Clóvis Barbosa escreve aos domingos, quinzenalmente.


Coluna Clóvis Barbosa
Com.: 0
Por Kleber Santos
11/03
19:01

O tambor

Clóvis Barbosa
Blogueiro e conselheiro do TCE/SE

Não estou nem aí para o que a direita fala do alemão Günter Grass, falecido em 2015, e autor do romance “O tambor”. O que me interessa em Grass é o seu personagem Oskar Matzerath. A tese defendida por ele é que Adolf Hitler não foi o único culpado da aventura do Estado alemão na Segunda Guerra Mundial, quando onze milhões de pessoas entre eslavos, poloneses, ciganos, homossexuais, deficientes físicos e mentais, judeus, testemunhas de Jeová, foram assassinadas, num dos episódios históricos que mais envergonham a humanidade. As sementes plantadas por Hitler só atingiram o ápice graças ao apoio incondicional da sociedade alemã, dos seus cidadãos. Se olharmos os grandes acontecimentos históricos veremos que o povo, na sua maioria e estupidamente, sempre esteve apoiando o lado errado. Foi assim nas ditaduras de Salazar, em Portugal, de Franco, na Espanha, de Mussolini, na Itália, nas da América Latina, da África e dos países de regime totalitário. No Brasil, tanto os regimes de exceção de Vargas, nas décadas de 1930/1940, como o governo militar iniciado em 1964, só sobreviveram pelo apoio civil que tiveram. Em “Amnésia, repressões, mitos: como se conta o passado após uma ditadura”, artigo do professor Bruno Groppo constante no livro “1964: 50 anos depois, a ditadura em debate” (Editora Edise, Aracaju, 2015), consta que “Uma das questões mais difíceis de enfrentar após o fim de uma ditadura é a do consenso de que esse regime se beneficiava no seio da população, em vez de discuti-lo abertamente. Prefere-se, geralmente, esquivar-se dele, negá-lo ou reformulá-lo. A dificuldade vem do fato de que as ditaduras, ainda que sejam por definição sistemas fundados sob a violência, não podem se manter por muito tempo no poder somente por esse meio, e têm necessidade também de um certo consenso. Até porque elas pretendem sempre governar em nome de um conjunto mais vasto (o povo, a nação, uma classe) e não podem renunciar a essa ficção, destinada a legitimá-las. O consenso que elas obtêm pode ir da adesão entusiasta à aceitação passiva, passando por uma larga gama de atitudes intermediárias”.

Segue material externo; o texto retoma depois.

(* Let $\beta,p,q>0$ with $\beta p>1$, let $F$ be the CDF of the Singh-Maddala distribution $GBP(1,\beta,p,q)$, and let $y>0$. Then $$\mathrm{CRPS}(F\mid y) = q\,\frac{\Gamma\!\left(2\beta-\frac1p\right)\Gamma\!\left(1+\frac1p\right)}{\Gamma(2\beta)} + y\left(1-\frac{2q^{\beta p}}{(q^p+y^p)^{\beta}}\;{}_2F_1\!\left(1,\beta;1+\tfrac1p;\frac{y^p}{y^p+q^p}\right)\right).$$
   Context: The generalized Beta-prime distribution $GBP(\alpha,\beta,p,q)$ with parameters $\alpha,\beta,p,q>0$ is the distribution on $(0,\infty)$ with density $p_Z(z)=\frac{p}{qB(\alpha,\beta)}\frac{(z/q)^{\alpha p-1}}{(1+(z/q)^p)^{\alpha+\beta}}$ for $z>0$; the Singh-Maddala distribution is the case $\alpha=1$. For a CDF $F$ and observation $y\in\mathbb R$, $\mathrm{CRPS}(F\mid y)=\int_{\mathbb R}(F(x)-H(x-y))^2\,dx$ with $H$ the Heaviside step function. ${}_2F_1$ is the Gauss hypergeometric function. *)

theory Defs
  imports "HOL-Analysis.Analysis"
begin

definition gbp_pdf :: "real \<Rightarrow> real \<Rightarrow> real \<Rightarrow> real \<Rightarrow> real \<Rightarrow> real" where
  "gbp_pdf \<alpha> \<beta> p q z =
     (if z > 0 then p / (q * Beta \<alpha> \<beta>) * (z / q) powr (\<alpha> * p - 1)
                    / (1 + (z / q) powr p) powr (\<alpha> + \<beta>)
      else 0)"

definition gbp_cdf :: "real \<Rightarrow> real \<Rightarrow> real \<Rightarrow> real \<Rightarrow> real \<Rightarrow> real" where
  "gbp_cdf \<alpha> \<beta> p q x = (LINT t:{..x}|lborel. gbp_pdf \<alpha> \<beta> p q t)"

definition heaviside :: "real \<Rightarrow> real" where
  "heaviside x = (if x \<ge> 0 then 1 else 0)"

definition crps_integrand :: "(real \<Rightarrow> real) \<Rightarrow> real \<Rightarrow> real \<Rightarrow> real" where
  "crps_integrand F y x = (F x - heaviside (x - y))\<^sup>2"

definition CRPS :: "(real \<Rightarrow> real) \<Rightarrow> real \<Rightarrow> real" where
  "CRPS F y = (LINT x|lborel. crps_integrand F y x)"

text \<open>Gauss hypergeometric function as its power series (used for |z| < 1).\<close>
definition hyp2F1 :: "real \<Rightarrow> real \<Rightarrow> real \<Rightarrow> real \<Rightarrow> real" where
  "hyp2F1 a b c z = (\<Sum>n. pochhammer a n * pochhammer b n / (pochhammer c n * fact n) * z ^ n)"

end

theory Submission
  imports Defs "HOL-Real_Asymp.Real_Asymp"
begin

A tese de Günter Grass e de seu personagem Oskar Matzerath não é novidade. É justamente o óbvio que preferimos ignorar. Mas, por ter dito isso, o romance “O tambor” causou furor na Alemanha quando lançado em 1959. Tal o incômodo, que o livro foi queimado em várias cidades alemãs. No Brasil, muitos que se serviram da ditadura e que se destacaram na sua preservação, ocupando os mais importantes cargos, foram servis escudeiros de um regime que torturava e assassinava cidadãos nos seus porões. Hoje, passam a imagem de democratas extremados, que nada teriam a ver com a ditadura. Têm sim! A ditadura militar só sobreviveu por 21 anos graças ao apoio e às benesses recebidos por esse grupo de políticos e outros membros da sociedade civil que assinaram embaixo de todas as atrocidades praticadas contra a cidadania e a liberdade de expressão. Essas pessoas nunca tiveram e ainda não têm compromisso com o processo democrático. Para elas, o Estado não é instrumento de transformação social, mas de realização de seus próprios objetivos pessoais. Não interessa a elas que haja fome, miséria e injustiça. São pessoas que nunca se extasiaram diante de um crepúsculo, ou como diz Ingenieros, “nem tampouco gostam de passear com Dante, rir com Moliére, tremer com Shakespeare ou assombrar com Wagner; nem mesmo emudecem diante de David, da Ceia ou do Partenon”. Essas pessoas estão aí “botando pra quebrar” e se servindo de outra alcateia, aquela formada pelo homem que passa a vida vivendo em rebanho, pensando com a cabeça dos outros e incapaz de formar juízo próprio. Pois bem.José Saramago, o grande escritor lusitano, no seu livro “Ensaio sobre a Cegueira”, não poderia ter sido mais feliz na escolha da epígrafe de sua obra: “Se podes olhar, vê. Se podes ver, repara”. Ele nos apresenta uma narrativa emblemática: projeta o leitor para uma comunidade em que os habitantes vão, paulatinamente, perdendo a visão, numa autêntica “viagem ao inferno”, no dizer do compositor, violonista, crítico literário e musical Arthur Nestrovski.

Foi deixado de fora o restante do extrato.